Spcifically, what do you find unconvincing? Choose any of the 5 and please illucidate.
 
I think God can be known to exist with certainty by the natural light of reason, but I don’t think God can be proven to exist with the same certainty. I may know with certainty that my wife loves me with with all her heart and soul, but I cannot prove that as an absolute certainty to my neighbor who is a cynical bachelor. So it is when we try to explain God to those who do not believe in Him. The evidence is clear and convincing to us, but not clear and convincing to them.
 
Hi again Image of God,

You replied to James that your understanding of God is a “First Cause.” Let’s see if we can demonstrate the existence of a First Cause of sorts, then.

The regress of causes found in nature is either infinite or finite. If it is finite, then there must be a First Cause, so we only need to show that an infinite regress is impossible or, more modestly, unlikely. Whenever we observe nature, we find that its various attributes are finite. And, upon reflection, one realizes that the regress of causes is an attribute of nature. We can infer, then, that nature probably has a First Cause.

This is true even if nature is eternal. An eternal house would still need a foundation, and by analogy, an eternal nature/universe would still have to have a First Cause.

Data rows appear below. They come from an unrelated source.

theorem mainTheorem5:
  fixes hbar alpha g0 kappa0 b0 lam :: real
  assumes "hbar > 0" "alpha > 0" "g0 > 0" "kappa0 > 0" "b0 > 0" "lam > 2 * b0"
  defines "Pp \<equiv> mom_density hbar (rho_plus alpha g0 kappa0 b0 lam)"
      and "Pm \<equiv> mom_density hbar (rho_minus alpha g0 kappa0 b0 lam)"
  shows "(\<forall>s. Pm s = Pp (- s))
    \<and> (\<forall>s. s \<notin> {0..lam * hbar} \<longrightarrow> Pp s = 0)
    \<and> (lam > 4 * b0 \<longrightarrow>
         (\<forall>s\<in>{0..2 * b0 * hbar}. Pp s = complex_of_real (s / (2 * b0 * hbar\<^sup>2 * (lam - 2 * b0))))
       \<and> (\<forall>s\<in>{2 * b0 * hbar..(lam - 2 * b0) * hbar}. Pp s = complex_of_real (1 / ((lam - 2 * b0) * hbar)))
       \<and> (\<forall>s\<in>{(lam - 2 * b0) * hbar..lam * hbar}.
            Pp s = complex_of_real ((lam - s / hbar) / (2 * b0 * hbar * (lam - 2 * b0)))))
    \<and> (2 * b0 < lam \<and> lam < 4 * b0 \<longrightarrow>
         (\<forall>s\<in>{0..(lam - 2 * b0) * hbar}. Pp s = complex_of_real (s / (2 * b0 * hbar\<^sup>2 * (lam - 2 * b0))))
       \<and> (\<forall>s\<in>{(lam - 2 * b0) * hbar..2 * b0 * hbar}. Pp s = complex_of_real (1 / (2 * b0 * hbar)))
       \<and> (\<forall>s\<in>{2 * b0 * hbar..lam * hbar}.
            Pp s = complex_of_real ((lam - s / hbar) / (2 * b0 * hbar * (lam - 2 * b0)))))
    \<and> (lam = 4 * b0 \<longrightarrow>
         (\<forall>s\<in>{0..lam * hbar / 2}. Pp s = complex_of_real (4 * s / (lam\<^sup>2 * hbar\<^sup>2)))
       \<and> (\<forall>s\<in>{lam * hbar / 2..lam * hbar}. Pp s = complex_of_real (4 * (lam - s / hbar) / (lam\<^sup>2 * hbar))))
    \<and> closure {s. Pp s \<noteq> 0} = {0..lam * hbar}
    \<and> closure {s. Pm s \<noteq> 0} = {- lam * hbar..0}
    \<and> {0..lam * hbar} \<inter> {- lam * hbar..0} = {0}"
proof -
  note params = assms(1-6)
  have Pp: "Pp s = complex_of_real (pointer_density hbar b0 lam s)" for s
    unfolding Pp_def by (rule mom_density_rho_plus[OF params])
  have Pm: "Pm s = complex_of_real (pointer_density hbar b0 lam (- s))" for s
    unfolding Pm_def by (rule mom_density_rho_minus[OF params])
  note zero_iff = pointer_density_eq_0_iff[OF assms(1,5,6)]
  have "0 < lam * hbar" using assms by simp
  have "{s. Pp s \<noteq> 0} = {0<..<lam * hbar}" by (auto simp: Pp zero_iff)
  moreover have "{s. Pm s \<noteq> 0} = {- lam * hbar<..<0}" by (auto simp: Pm zero_iff)
  ultimately have "closure {s. Pp s \<noteq> 0} = {0..lam * hbar}" "closure {s. Pm s \<noteq> 0} = {- lam * hbar..0}"
    using \<open>0 < lam * hbar\<close> by simp_all
  then show ?thesis
    using \<open>0 < lam * hbar\<close> pointer_density_wide[OF assms(1,5,6)] pointer_density_narrow[OF assms(1,5,6)]
      pointer_density_critical[OF assms(1,5,6)]
    by (auto simp: Pp Pm zero_iff)
qed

As for whether this First Cause is divine, I and others on this forum have had some lengthy discussions about this. Basically, I believe we can infer that the First Cause must be both unlimited and unique. For, every existing thing is either limited or unlimited. Now, the limited things we observe have the potential to be caused, but a First Cause does not have the potential to be caused. Hence, the First Cause must be unlimited.

As for the First Cause’s uniqueness, things differ only if one thing lacks something the other possesses. Yet, a thing can only lack something if it is limited, and the First Cause is unlimited. Therefore, the First Cause is both unlimited and unique (one, and not many). This is what we mean by a “Supreme Being,” so if this series of arguments is correct, as I would contend it is, it follows that a Supreme Being exists.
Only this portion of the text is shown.